The advent of various new targeted drugs has brought more choices and hopes for the treatment of PH and with the use of targeted drugs, the overall quality of life and survival rate of PAH patients have obviously improved[. However, most of the current targeted drugs for PAH are vasodilators, and none of them can reverse the progressive pathological remodeling of the pulmonary vessels and right ventricle in PAH patients. In addition, vasodilators did not significantly reduce mortality in the long-term follow-up of PAH patients and some PH patients do not response well to targeted drugs[. Therefore, it is imperative to actively explore new treatment approach for PH.

A large number of studies have shown that PH is associated with increased sympathetic nervous system (SNS) and renin-angiotensin-aldosterone system (RAAS) activation[. SNS originates from the thoracolumbar region of the spinal cord. Short preganglionic fibers from the T1-L2 segments synapse on paravertebral or prevertebral ganglia, enabling long postganglionic fibers to innervate target organs such as the heart and lungs. The activation of SNS and RAAS to produce circulating neurohormone transmitters is an important contributing factor to the progress of PH[. Therefore, pulmonary artery denervation (PADN) aimed at reducing SNS activation has become a novel treatment modality[. In 2020, a multi-center clinical trial proved that PADN can reduce PVR as well as increase 6-minute walk distance (6MWD) of PAH patients, and no adverse events related to surgery occurred, confirming the effectiveness and safety of PADN[. However, another clinical study found that the effect of PADN on some PAH patients is not obvious[. Moreover, the sample size of the current clinical research is too small.
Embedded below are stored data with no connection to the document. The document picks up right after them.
lemma sum_on_windows_le_K:
  assumes "0 \<le> t" "t \<le> 1"
  shows "(\<Sum>n<N. if t \<in> window (2 * n) then 1 / (t - exp (- real (2 * n) - 1)) else 0) \<le> K t"
proof -
  have "(\<Sum>n<N. if t \<in> window (2 * n) then 1 / (t - exp (- real (2 * n) - 1)) else 0)
      \<le> (\<Sum>n<N. if n = level t div 2 then K t else 0)"
  proof (rule sum_mono)
    fix n
    show "(if t \<in> window (2 * n) then 1 / (t - exp (- real (2 * n) - 1)) else 0)
        \<le> (if n = level t div 2 then K t else 0)"
    proof (cases "t \<in> window (2 * n)")
      case True
      then show ?thesis using K_ge_on_window[of "2 * n" t] level_window[of t "2 * n"] by simp
    qed (use K_nonneg assms in simp)
  qed
  also have "\<dots> \<le> K t" using K_nonneg assms by simp
  finally show ?thesis .
qed

lemma integral_lower: "(ln r)\<^sup>2 / 8 \<le> integral {0..1} K"
proof -
  define N where "N = nat (\<lfloor>ln r / 4\<rfloor> - 1)"
  have N_lower: "ln r / 4 - 2 \<le> real N" using ln_r_ge by (simp add: N_def) linarith
  have N_upper: "4 * real n + 8 \<le> ln r" if "n < N" for n
    using that ln_r_ge by (simp add: N_def) linarith
  have "((\<lambda>t. if t \<in> window (2 * n) then 1 / (t - exp (- real (2 * n) - 1)) else 0)
      has_integral (2 * ln r - 2 * real (2 * n) - 4)) {0..1}" if "n < N" for n
  proof (subst has_integral_restrict)
    show "window (2 * n) \<subseteq> {0..1}"
      using window_subset by fastforce
    show "((\<lambda>t. 1 / (t - exp (- real (2 * n) - 1))) has_integral (2 * ln r - 2 * real (2 * n) - 4)) (window (2 * n))"
      using N_upper[OF that] by (intro has_integral_window) simp
  qed
  then have "((\<lambda>t. \<Sum>n<N. if t \<in> window (2 * n) then 1 / (t - exp (- real (2 * n) - 1)) else 0)
      has_integral (\<Sum>n<N. 2 * ln r - 2 * real (2 * n) - 4)) {0..1}"
    by (intro has_integral_sum) simp_all
  then have "(\<Sum>n<N. 2 * ln r - 2 * real (2 * n) - 4) \<le> integral {0..1} K"
    using K_integrable sum_on_windows_le_K by (intro has_integral_le[OF _ integrable_integral]) auto
  moreover have "(\<Sum>n<N. ln r) \<le> (\<Sum>n<N. 2 * ln r - 2 * real (2 * n) - 4)"
  proof (rule sum_mono)
    fix n assume "n \<in> {..<N}"
    then have "4 * real n + 8 \<le> ln r" using N_upper by simp
    then show "ln r \<le> 2 * ln r - 2 * real (2 * n) - 4" by simp
  qed
  moreover have "(ln r)\<^sup>2 / 8 \<le> real N * ln r"
  proof -
    have "(ln r / 4 - 2) * ln r \<le> real N * ln r" using N_lower ln_r_ge by (intro mult_right_mono) auto
    moreover have "(ln r)\<^sup>2 / 8 \<le> (ln r / 4 - 2) * ln r"
    proof -
      have "16 * ln r \<le> ln r * ln r" using ln_r_ge by (intro mult_right_mono) auto
      then show ?thesis by (simp add: power2_eq_square algebra_simps)
    qed
    ultimately show ?thesis by linarith
  qed
  ultimately show ?thesis by simp
qed

lemma K_le_on_even_level:
  assumes "t_hat \<le> t" "t < 1" "level t = 2 * n"
  shows "n \<le> nat \<lfloor>ln r / 2\<rfloor>" "t \<in> {exp (- real (2 * n) - 1)..exp (- real (2 * n))}"
    and "K t \<le> min (r\<^sup>2) (1 / (t - exp (- real (2 * n) - 1)))"
proof -
  define a where "a = exp (- real (2 * n) - 1)"
  have t: "0 < t" "a < t" "t \<le> exp (- real (2 * n))"
    using t_hat_pos assms level_bounds[of t] by (simp_all add: a_def)
  then show "t \<in> {exp (- real (2 * n) - 1)..exp (- real (2 * n))}" by (simp add: a_def)
  have "level t \<le> level t_hat" using assms t_hat_pos by (intro level_antimono) simp_all
  then have "2 * real n \<le> ln r" using level_t_hat_le assms(3) by simp
  then show "n \<le> nat \<lfloor>ln r / 2\<rfloor>" by (simp add: le_nat_iff le_floor_iff)
  note s = s_hat[OF assms(1) less_imp_le[OF assms(2)]]
  have "s_hat t \<le> a"
  proof (rule ccontr)
    assume "\<not> s_hat t \<le> a"
    then have "D (s_hat t) t = 0"
      using s t by (intro det_one_level[of "2 * n"]) (simp_all add: a_def)
    then show False using s eps_pos by simp
  qed
  then have "omega hA a t \<le> omega hA (s_hat t) t"
    using t by (intro omega_mono bounded_weight_hA) simp_all
  moreover have "omega hA a t = t - a"
    using omega_level(1)[of "2 * n" a t] t by (simp add: a_def)
  moreover have "hA t = 1"
    using hA_level[of t] t assms by simp
  ultimately have "K t \<le> 1 / (t - a)"
    using K_above_t_hat[OF assms(1,2)] t by (simp add: frac_le)
  then show "K t \<le> min (r\<^sup>2) (1 / (t - exp (- real (2 * n) - 1)))"
    using K_le_square[of t] t assms by (simp add: a_def)
qed

definition K_majorant :: "real \<Rightarrow> real" where
  "K_majorant t = (if t \<in> {0..t_hat} then r\<^sup>2 * t_hat else 0) +
     (\<Sum>n \<le> nat \<lfloor>ln r / 2\<rfloor>. if t \<in> {exp (- real (2 * n) - 1)..exp (- real (2 * n))}
        then min (r\<^sup>2) (1 / (t - exp (- real (2 * n) - 1))) else 0)"

lemma K_le_majorant:
  assumes "0 \<le> t" "t \<le> 1"
  shows "K t \<le> K_majorant t"
  using assms
proof (cases rule: K_cases)
  case 1
  have "omega hB 0 t * hA t \<le> t_hat"
    using omega_le_length[OF bounded_weight_hB, of 0 t] 1 assms
      mult_left_le[of "hA t" "omega hB 0 t"] bounded_weightD(2,3)[OF bounded_weight_hA, of t]
      omega_nonneg[OF bounded_weight_hB, of 0 t]
    by linarith
  then have "K t \<le> r\<^sup>2 * t_hat"
    using 1 mult_left_mono[of _ t_hat "r\<^sup>2"] by (simp add: mult.assoc)
  moreover have "0 \<le> (\<Sum>n \<le> nat \<lfloor>ln r / 2\<rfloor>. if t \<in> {exp (- real (2 * n) - 1)..exp (- real (2 * n))}
      then min (r\<^sup>2) (1 / (t - exp (- real (2 * n) - 1))) else 0)"
    by (intro sum_nonneg) simp
  ultimately show ?thesis using 1 assms by (simp add: K_majorant_def)
next
  case 2
  show ?thesis
  proof (cases "even (level t)")
    case True
    then obtain n where n: "level t = 2 * n" by blast
    note even_level = K_le_on_even_level[OF 2(1,2) n]
    have "K t \<le> (\<Sum>n \<le> nat \<lfloor>ln r / 2\<rfloor>. if t \<in> {exp (- real (2 * n) - 1)..exp (- real (2 * n))}
        then min (r\<^sup>2) (1 / (t - exp (- real (2 * n) - 1))) else 0)"
      using even_level by (intro member_le_sum[of n, THEN order_trans[rotated]]) auto
    moreover have "0 \<le> (if t \<in> {0..t_hat} then r\<^sup>2 * t_hat else 0)" using t_hat_pos by simp
    ultimately show ?thesis unfolding K_majorant_def by linarith
  next
    case False
    then have "hA t = 0" using hA_level[of t] 2 t_hat_pos by simp
    then have "K t = 0" using 2 by simp
    then show ?thesis by (auto simp: K_majorant_def intro!: sum_nonneg add_nonneg_nonneg)
  qed
next
  case 3
  then show ?thesis by (auto simp: K_majorant_def intro!: sum_nonneg add_nonneg_nonneg)
qed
Against this background, this meta-analysis aimed to assess the effects of PADN on PH in order to provide evidence-based medical evidence for its clinical application.

METHODS

This meta-analysis was performed according to recommendations of the Cochrane Handbook for Systematic Reviews of Interventions and Preferred Reporting Items for Systematic Reviews and Meta-Analyses (or PRISMA).

Search Strategy

Two authors conducted a comprehensive literature search including all human clinical studies of PADN in the treatment of PAH. Literature search was performed with the key words ‘pulmonary artery denervation’ and ‘pulmonary hypertension’ in PubMed and Excerpta Medica dataBASE (or EMBASE).

Selection Criteria and Exclusion Criteria

Selection criteria included: (1) all randomized clinical trials of which study objects are PH patients; (2) the treatment provided is PADN; (3) the outcomes included (at least one of) mPAP, PVR, cardiac output (CO), right ventricular (RV) Tei index, 6MWD, and New York heart Association (NYHA) cardiac function grading; and (4) there are no restrictions on the language, but valid data can be extracted from the text.
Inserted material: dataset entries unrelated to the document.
text \<open>w contains n consecutive shifts all \<ge>n-lagged: n consecutive entries of the
  increasingly sorted list of shifts.\<close>
definition has_lagged_shifts :: "'a set \<Rightarrow> 'a set \<Rightarrow> 'a list \<Rightarrow> nat \<Rightarrow> bool" where
  "has_lagged_shifts Sig Gam w n \<longleftrightarrow>
     (let S = sorted_list_of_set (shifts Sig w) in
       \<exists>j. j + n \<le> length S \<and> (\<forall>k<n. lag Sig Gam w (S ! (j + k)) \<ge> n))"

definition shiftlag :: "'a set \<Rightarrow> 'a set \<Rightarrow> 'a list \<Rightarrow> nat" where
  "shiftlag Sig Gam w = Max {n. has_lagged_shifts Sig Gam w n}"

definition finite_shift :: "'a set \<Rightarrow> 'a list set \<Rightarrow> bool" where
  "finite_shift Sig L \<longleftrightarrow> bdd_above (shift Sig ` L)"

definition finite_shiftlag :: "'a set \<Rightarrow> 'a set \<Rightarrow> 'a list set \<Rightarrow> bool" where
  "finite_shiftlag Sig Gam L \<longleftrightarrow> bdd_above (shiftlag Sig Gam ` L)"

definition RegFS :: "'a set \<Rightarrow> 'a set \<Rightarrow> 'a list set \<Rightarrow> bool" where
  "RegFS Sig Gam L \<longleftrightarrow> regular_lang (Sig \<union> Gam) L \<and> finite_shift Sig L"

definition lquot :: "'a list \<Rightarrow> 'a list set \<Rightarrow> 'a list set" where
  "lquot x T = {z. x @ z \<in> T}"

definition preceq :: "'a set \<Rightarrow> 'a set \<Rightarrow> 'a list set \<Rightarrow> 'a list \<Rightarrow> 'a list \<Rightarrow> bool" where
  "preceq Sig Gam T w w' \<longleftrightarrow> w \<in> T \<and> w' \<in> T \<and> sem Sig Gam w = sem Sig Gam w' \<and>
     (\<forall>i \<le> length w. RegFS Sig Gam (lquot (take i w') T) \<longrightarrow>
                      RegFS Sig Gam (lquot (take i w) T))"

definition minsync :: "'a set \<Rightarrow> 'a set \<Rightarrow> 'a list set \<Rightarrow> 'a list set \<Rightarrow> 'a list set" where
  "minsync Sig Gam S T = {w \<in> T. sem Sig Gam w \<in> sem Sig Gam ` S \<and>
      (\<forall>w'\<in>T. sem Sig Gam w' = sem Sig Gam w \<longrightarrow> preceq Sig Gam T w w')}"

end

theory Submission
  imports Defs
begin

text \<open>
  Whether a quotient \<open>x\<^sup>-\<^sup>1T\<close> is regular with finite shift depends only on the
  state reached by \<open>x\<close>, so \<open>minsync(T, T)\<close> is \<open>T\<close> minus the words \<open>w\<close> for which some
  synchronization \<open>w'\<close> in \<open>T\<close> reaches a finite-shift state at a position where \<open>w\<close> does not.

  The crux is that prefixes leading to the other states have bounded lag: a large lag would either
  come from a shift-free loop that could be pumped, or make \<open>K + 1\<close> consecutive shifts lagged,
  contradicting the shiftlag bound \<open>K\<close>. Hence, up to the first position where \<open>w'\<close> reaches a
  finite-shift state, \<open>w\<close> and a guessed \<open>w'\<close> can be read in lockstep by a finite automaton that
  buffers the boundedly many letters one has read ahead of the other. From that position on, the
  residual language of \<open>w'\<close> has finite shift, so the pairs of projections of its words form a
  recognizable relation (a finite union of products of regular languages), which makes the
  remaining condition on the suffix of \<open>w\<close> regular.
\<close>

section \<open>Regularity via finitely many left quotients\<close>

lemma lquot_Nil [simp]: "lquot [] L = L"
  by (simp add: lquot_def)

lemma lquot_lquot [simp]: "lquot y (lquot x L) = lquot (x @ y) L"
  by (simp add: lquot_def)

lemma lquot_subset_lists: "L \<subseteq> lists A \<Longrightarrow> lquot x L \<subseteq> lists A"
  unfolding lquot_def by auto

definition nerode_regular :: "'a set \<Rightarrow> 'a list set \<Rightarrow> bool" where
  "nerode_regular A L \<longleftrightarrow> L \<subseteq> lists A \<and> finite ((\<lambda>x. lquot x L) ` lists A)"

lemma nerode_regularI:
  assumes "L \<subseteq> lists A" "finite S" "\<And>x. x \<in> lists A \<Longrightarrow> lquot x L \<in> S"
  shows "nerode_regular A L"
proof -
  have "(\<lambda>x. lquot x L) ` lists A \<subseteq> S" using assms(3) by blast
  then show ?thesis unfolding nerode_regular_def using assms(1,2) finite_subset by blast
qed

lemma nerode_regular_subset_lists: "nerode_regular A L \<Longrightarrow> L \<subseteq> lists A"
  by (simp add: nerode_regular_def)

lemma finite_lquots: "nerode_regular A L \<Longrightarrow> finite ((\<lambda>x. lquot x L) ` lists A)"
  by (simp add: nerode_regular_def)

lemma foldl_in_closed:
  assumes "\<forall>q\<in>Q. \<forall>a\<in>A. \<delta> q a \<in> Q" "q \<in> Q" "w \<in> lists A"
  shows "foldl \<delta> q w \<in> Q"
  using assms(2,3) by (induction w arbitrary: q) (use assms(1) in auto)

lemma nerode_regular_dfa:
  assumes "finite Q" "\<forall>q\<in>Q. \<forall>a\<in>A. \<delta> q a \<in> Q" "q \<in> Q"
  shows "nerode_regular A {z \<in> lists A. foldl \<delta> q z \<in> F}"
proof (rule nerode_regularI)
  show "finite ((\<lambda>p. {z \<in> lists A. foldl \<delta> p z \<in> F}) ` Q)"
    using assms(1) by simp
  fix x assume "x \<in> lists A"
  then have "lquot x {z \<in> lists A. foldl \<delta> q z \<in> F} = {z \<in> lists A. foldl \<delta> (foldl \<delta> q x) z \<in> F}"
    and "foldl \<delta> q x \<in> Q"
    using foldl_in_closed[OF assms(2,3)] by (auto simp: lquot_def)
  then show "lquot x {z \<in> lists A. foldl \<delta> q z \<in> F} \<in> (\<lambda>p. {z \<in> lists A. foldl \<delta> p z \<in> F}) ` Q"
    by blast
qed blast

text \<open>The Myhill--Nerode construction: the quotients themselves, numbered by an injection into
  \<open>nat\<close>, are the states.\<close>
lemma nerode_regular_imp_regular_lang:
  assumes "finite A" "nerode_regular A L"
  shows "regular_lang A L"
proof -
  let ?Qs = "(\<lambda>x. lquot x L) ` lists A"
  have fin: "finite ?Qs" and sub: "L \<subseteq> lists A" using assms by (auto simp: nerode_regular_def)
  obtain f :: "'a list set \<Rightarrow> nat" where f: "inj_on f ?Qs"
    using finite_imp_inj_to_nat_seg[OF fin] by blast
  define \<delta> where "\<delta> q a = f (lquot [a] (the_inv_into ?Qs f q))" for q a
  have run: "foldl \<delta> (f (lquot x L)) w = f (lquot (x @ w) L)"
    if "x \<in> lists A" "w \<in> lists A" for x w
    using that
  proof (induction w arbitrary: x)
    case (Cons a w)
    have "lquot x L \<in> ?Qs" using Cons.prems by blast
    then have "\<delta> (f (lquot x L)) a = f (lquot (x @ [a]) L)"
      unfolding \<delta>_def using f by (simp add: the_inv_into_f_f)
    then show ?case using Cons by simp
  qed simp
  have closed: "\<forall>q\<in>f ` ?Qs. \<forall>a\<in>A. \<delta> q a \<in> f ` ?Qs"
  proof (intro ballI)
    fix q a assume "q \<in> f ` ?Qs" "a \<in> A"
    then obtain x where "x \<in> lists A" "q = f (lquot x L)" by auto
    then show "\<delta> q a \<in> f ` ?Qs" using run[of x "[a]"] \<open>a \<in> A\<close> by auto
  qed
  have accept: "\<forall>w\<in>lists A. w \<in> L \<longleftrightarrow> foldl \<delta> (f L) w \<in> f ` {M \<in> ?Qs. [] \<in> M}"
  proof
    fix w assume w: "w \<in> lists A"
    have "foldl \<delta> (f L) w \<in> f ` {M \<in> ?Qs. [] \<in> M} \<longleftrightarrow> lquot w L \<in> {M \<in> ?Qs. [] \<in> M}"
      unfolding run[of "[]" w, simplified, OF w] using f w by (intro inj_on_image_mem_iff) auto
    then show "w \<in> L \<longleftrightarrow> foldl \<delta> (f L) w \<in> f ` {M \<in> ?Qs. [] \<in> M}"
      using w by (auto simp: lquot_def)
  qed
  have "f L \<in> f ` ?Qs" by (rule imageI, rule image_eqI[of _ _ "[]"]) auto
  then show ?thesis unfolding regular_lang_def
    by (intro conjI sub exI[of _ "f ` ?Qs"] exI[of _ "f L"] exI[of _ \<delta>]
        exI[of _ "f ` {M \<in> ?Qs. [] \<in> M}"]) (use fin closed accept in auto)
qed

lemma nerode_regular_binop:
  assumes "nerode_regular A L" "nerode_regular A M" "N \<subseteq> lists A"
    "\<And>x. x \<in> lists A \<Longrightarrow> lquot x N = h (lquot x L) (lquot x M)"
  shows "nerode_regular A N"
proof (rule nerode_regularI)
  show "finite ((\<lambda>(X, Y). h X Y) ` (((\<lambda>x. lquot x L) ` lists A) \<times> ((\<lambda>x. lquot x M) ` lists A)))"
    using finite_lquots[OF assms(1)] finite_lquots[OF assms(2)] by simp
qed (use assms(3,4) in force)+

lemma nerode_regular_Un:
  assumes "nerode_regular A L" "nerode_regular A M"
  shows "nerode_regular A (L \<union> M)"
  by (rule nerode_regular_binop[OF assms, where h = "(\<union>)"])
    (use assms[THEN nerode_regular_subset_lists] in \<open>auto simp: lquot_def\<close>)

lemma nerode_regular_Int:
  assumes "nerode_regular A L" "nerode_regular A M"
  shows "nerode_regular A (L \<inter> M)"
  by (rule nerode_regular_binop[OF assms, where h = "(\<inter>)"])
    (use assms[THEN nerode_regular_subset_lists] in \<open>auto simp: lquot_def\<close>)

lemma nerode_regular_Diff:
  assumes "nerode_regular A L" "nerode_regular A M"
  shows "nerode_regular A (L - M)"
  by (rule nerode_regular_binop[OF assms, where h = "(-)"])
    (use assms[THEN nerode_regular_subset_lists] in \<open>auto simp: lquot_def\<close>)

lemma nerode_regular_empty: "nerode_regular A {}"
  by (rule nerode_regularI[where S = "{{}}"]) (auto simp: lquot_def)

lemma nerode_regular_UN:
  "finite I \<Longrightarrow> (\<And>i. i \<in> I \<Longrightarrow> nerode_regular A (M i)) \<Longrightarrow> nerode_regular A (\<Union>i\<in>I. M i)"
  by (induction I rule: finite_induct) (auto intro: nerode_regular_empty nerode_regular_Un)

lemma nerode_regular_singleton:
  assumes "u \<in> lists A"
  shows "nerode_regular A {u}"
proof (rule nerode_regularI[where S = "insert {} ((\<lambda>k. {drop k u}) ` {..length u})"])
  fix x
  show "lquot x {u} \<in> insert {} ((\<lambda>k. {drop k u}) ` {..length u})"
  proof (cases "\<exists>z. x @ z = u")
    case True
    then have "lquot x {u} = {drop (length x) u}" "length x \<le> length u"
      by (auto simp: lquot_def)
    then show ?thesis by blast
  qed (auto simp: lquot_def)
qed (use assms in auto)

lemma nerode_regular_lists: "B \<subseteq> A \<Longrightarrow> nerode_regular A (lists B)"
  by (rule nerode_regularI[where S = "{{}, lists B}"]) (auto simp: lquot_def)

lemma nerode_regular_lquot:
  assumes "nerode_regular A L"
  shows "nerode_regular A (lquot u L)"
proof (cases "u \<in> lists A")
  case True
  show ?thesis
    by (rule nerode_regularI[OF lquot_subset_lists[OF nerode_regular_subset_lists[OF assms]]
          finite_lquots[OF assms]]) (use True in auto)
next
  case False
  then have "lquot u L = {}"
    using nerode_regular_subset_lists[OF assms] by (auto simp: lquot_def)
  then show ?thesis using nerode_regular_empty by simp
qed

definition conc :: "'a list set \<Rightarrow> 'a list set \<Rightarrow> 'a list set" where
  "conc L M = {u @ v | u v. u \<in> L \<and> v \<in> M}"

lemma lquot_conc:
  "lquot x (conc L M) = conc (lquot x L) M \<union> \<Union>{lquot s M | s. \<exists>r. x = r @ s \<and> r \<in> L}"
proof (intro set_eqI iffI)
  fix z assume "z \<in> lquot x (conc L M)"
  then obtain u v where uv: "x @ z = u @ v" "u \<in> L" "v \<in> M" by (auto simp: lquot_def conc_def)
  then obtain us where "x = u @ us \<and> us @ z = v \<or> x @ us = u \<and> z = us @ v"
    using append_eq_append_conv2[of x z u v] by blast
  then show "z \<in> conc (lquot x L) M \<union> \<Union>{lquot s M | s. \<exists>r. x = r @ s \<and> r \<in> L}"
  proof
    assume "x = u @ us \<and> us @ z = v"
    then show ?thesis using uv by (auto simp: lquot_def)
  next
    assume "x @ us = u \<and> z = us @ v"
    then show ?thesis using uv by (auto simp: lquot_def conc_def)
  qed
qed (auto simp: lquot_def conc_def, (metis append.assoc)+)

lemma nerode_regular_conc:
  assumes "nerode_regular A L" "nerode_regular A M"
  shows "nerode_regular A (conc L M)"
proof (rule nerode_regularI)
  show "conc L M \<subseteq> lists A"
    using assms[THEN nerode_regular_subset_lists] by (force simp: conc_def)
  show "finite ((\<lambda>(X, Y). conc X M \<union> \<Union>Y) `
      (((\<lambda>x. lquot x L) ` lists A) \<times> Pow ((\<lambda>x. lquot x M) ` lists A)))"
    using assms[THEN finite_lquots] by simp
  fix x assume "x \<in> lists A"
  then have "{lquot s M | s. \<exists>r. x = r @ s \<and> r \<in> L} \<subseteq> (\<lambda>x. lquot x M) ` lists A"
    by auto
  with \<open>x \<in> lists A\<close> show "lquot x (conc L M) \<in> (\<lambda>(X, Y). conc X M \<union> \<Union>Y) `
      (((\<lambda>x. lquot x L) ` lists A) \<times> Pow ((\<lambda>x. lquot x M) ` lists A))"
    unfolding lquot_conc by (intro image_eqI[of _ _ "(lquot x L, _)"]) auto
qed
Exclusion criteria included: (1) studies with a sample size of < 10 cases; (2) reviews, animal studies, case reports, and meeting reports; and (3) repeated published literature or periodic report of a research.

Quality Assessment

Cochrane collaboration’s tool for assessing risk of bias and the Newcastle-Ottawa Scale (NOS) were used to assess the quality of included studies by two independent researchers. The items included in Cochrane collaboration’s tool were random sequence generation, allocation concealment, blinding of participants and personnel, blinding of outcome assessment, incomplete outcome data, and selective reporting and other bias. And the items included in NOS were representativeness of exposed cohort, representativeness of non-exposed cohort, ascertainment of exposure, demonstration that outcome of interest was not present at the start of study, comparability, assessment of outcome, duration of follow-up, and adequacy of follow-up.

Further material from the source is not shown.